Set the press. Have lots of newsprints torn to be smaller than the surface of the stone. Put one on the stone. Find a tympan (plastic backing) that fits the stone and put it on the paper on the stone, greasy side up. Find a scraper bar that fits the width of the stone and set the magnets an inch in from each side of where the stone is sitting on the press. Move the lever to start the stone moving towards the scraper. Stop an inch in. Bring down the the pressure handle, wind pressure hand-wheel to lower scraper bar until it touches the stone. Release pressure handle, rotate the pressure hand-wheel a further quarter of a turn. Check the pressure is quite firm on both ends of the stone. This is a good starting pressure, and adjustments from here should be minor.

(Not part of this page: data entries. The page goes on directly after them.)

lemma basis_isolating_imp_isolating_expansion:
  fixes f :: "('k::finite, 'n::finite, 'a::field) vpoly"
  assumes "basis_isolating w f"
  shows "\<exists>B \<alpha>. coef_basis f B \<and> B \<subseteq> vsupp f \<and> isolating_expansion f w B \<alpha>"
proof -
  obtain B where basis: "coef_basis f B" and isolating: "\<And>m. m \<in> vsupp f - B \<Longrightarrow>
      coefv f m \<in> vs.span (coefv f ` {b\<in>B. weight w b < weight w m})"
    using assms unfolding basis_isolating_def by blast
  have "B \<subseteq> vsupp f"
    using basis by (rule coef_basis_subset_vsupp)
  then have "finite B"
    using finite_vsupp finite_subset by blast
  define triangular where "triangular m a \<longleftrightarrow>
      (m \<in> vsupp f \<longrightarrow> (\<forall>j. coefv f m j = (\<Sum>b\<in>B. a b * coefv f b j)))
      \<and> (\<forall>b. a b \<noteq> 0 \<longrightarrow> b \<in> B \<and> (b = m \<or> weight w b < weight w m)) \<and> (m \<in> B \<longrightarrow> a m = 1)"
    for m a
  have "\<exists>a. triangular m a" for m
  proof (cases "m \<in> vsupp f - B")
    case True
    let ?A = "{b\<in>B. weight w b < weight w m}"
    have "finite ?A" "inj_on (coefv f) ?A"
      using \<open>finite B\<close> basis by (auto simp: coef_basis_def intro: inj_on_subset)
    then obtain a where a: "\<And>j. coefv f m j = (\<Sum>b\<in>?A. a b * coefv f b j)" "\<And>b. a b \<noteq> 0 \<Longrightarrow> b \<in> ?A"
      using isolating[OF True] by (rule in_span_imageE) blast
    have "(\<Sum>b\<in>?A. a b * coefv f b j) = (\<Sum>b\<in>B. a b * coefv f b j)" for j
      using \<open>finite B\<close> a(2) by (intro sum.mono_neutral_left) auto
    with a True have "triangular m a"
      by (auto simp: triangular_def)
    then show ?thesis by blast
  next
    case False
    then have "triangular m (\<lambda>b. of_bool (b = m \<and> m \<in> B))"
      using \<open>finite B\<close> by (auto simp: triangular_def if_distrib cong: if_cong)
    then show ?thesis by blast
  qed
  then obtain \<alpha> where "triangular m (\<alpha> m)" for m
    by metis
  then have "isolating_expansion f w B \<alpha>"
    by (auto simp: isolating_expansion_def triangular_def)
  with basis \<open>B \<subseteq> vsupp f\<close> show ?thesis
    by blast
qed

lemma coef_basis_if_independent_in_span:
  fixes g :: "('k, 'n, 'b::field) vpoly" and d :: "'y \<Rightarrow> 'k \<Rightarrow> 'b"
  assumes "finite B" "linearly_independent_on B d"
    and "finite E" "card E = card B" "linearly_independent_on E (coefv g)"
    and in_span: "\<And>e. coefv g e \<in> vs.span (d ` B)"
  shows "coef_basis g E"
proof -
  have inj_d: "inj_on d B" and indep_d: "\<not> vs.dependent (d ` B)"
    using assms(1,2) by (simp_all add: linearly_independent_on_iff)
  have inj: "inj_on (coefv g) E" and indep: "\<not> vs.dependent (coefv g ` E)"
    using assms(3,5) by (simp_all add: linearly_independent_on_iff)
  have span_eq: "vs.span (coefv g ` E) = vs.span (d ` B)"
    using assms(1,4) in_span inj inj_d indep indep_d
    by (intro vs.span_eq_if_independent_card_eq) (auto simp: card_image)
  have "lrsp g = vs.span (d ` B)"
  proof
    show "lrsp g \<subseteq> vs.span (d ` B)"
      unfolding lrsp_def using in_span by (intro vs.span_minimal vs.subspace_span) auto
    show "vs.span (d ` B) \<subseteq> lrsp g"
      unfolding lrsp_def span_eq[symmetric] by (intro vs.span_mono) auto
  qed
  with inj indep span_eq show ?thesis
    by (simp add: coef_basis_def)
qed

lemma coef_basis_shift_poly:
  fixes f :: "('k::finite, 'n::finite, 'a::field_char_0) vpoly"
  assumes basis: "coef_basis f B" and "B \<subseteq> vsupp f" and expansion: "isolating_expansion f w B \<alpha>"
    and "finite E" "card E = card B" and rows: "linearly_independent_on E (choose_row B :: _ \<Rightarrow> _ \<Rightarrow> 'a)"
  shows "coef_basis (shift_poly w f) E"
proof -
  let ?q = "shift_transition \<alpha> (vsupp f) w"
  define d where "d b j = t_var ^ weight w b * emb (coefv f b j)" for b j
  have "finite B"
    using \<open>B \<subseteq> vsupp f\<close> finite_vsupp finite_subset by blast
  have shift: "t_var ^ weight w e * coefv (shift_poly w f) e j = (\<Sum>b\<in>B. to_fract (?q e b) * d b j)" for e j
    unfolding d_def using expansion by (rule t_var_power_coefv_shift_poly_transition)
  have "linearly_independent_on B (coefv f)"
    using basis \<open>finite B\<close> by (simp add: coef_basis_def linearly_independent_on_iff)
  then have "linearly_independent_on B d"
    unfolding d_def using linearly_independent_on_emb[OF \<open>finite B\<close>]
    by (subst linearly_independent_on_scale_iff) (simp_all add: t_var_nonzero)
  moreover have "linearly_independent_on E (\<lambda>e b. to_fract (?q e b))"
  proof (intro linearly_independent_on_to_fract linearly_independent_on_poly_if_constant_terms)
    show "linearly_independent_on E (\<lambda>e b. coeff (?q e b) 0)"
      using rows by (simp add: coeff_0_shift_transition[OF \<open>B \<subseteq> vsupp f\<close> expansion])
  qed (fact \<open>finite E\<close>)
  ultimately have "linearly_independent_on E (\<lambda>e j. t_var ^ weight w e * coefv (shift_poly w f) e j)"
    by (rule linearly_independent_on_combination) (simp_all add: shift_transition_eq_0[OF expansion] shift)
  then have "linearly_independent_on E (coefv (shift_poly w f))"
    by (simp add: linearly_independent_on_scale_iff t_var_nonzero)
  moreover have "coefv (shift_poly w f) e \<in> vs.span (d ` B)" for e
    by (rule in_span_if_scaled_combination[OF _ shift]) (simp add: t_var_nonzero)
  ultimately show ?thesis
    using \<open>finite B\<close> \<open>linearly_independent_on B d\<close> \<open>finite E\<close> \<open>card E = card B\<close>
    by (intro coef_basis_if_independent_in_span)
qed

It's a good idea to get a tech to check the pressure if you are unsure.

Roll up and proofing. Get 2 x bowls, 2 x sponges, 1 x gum arabic, 2 x rags, gloves, turps, wash out solution, move the exhaust to your area and some safety glasses.

Firstly gum up your stone to reinforce the non-image areas and buff until touch dry.

Turn on the exhaust, put on your gloves and glasses and pour turps over the image to remove the grease. You should see a ghost of the image. Throw rag into the red solvent bin and then rub wash out solution (which is a combo of bitumen and turps) on a rag just the image area. This replaces the drawing materials with grease. Buff off the excess bitumen so it is a smooth even coating. I think this step seems magical - I love seeing the ghost image reappear!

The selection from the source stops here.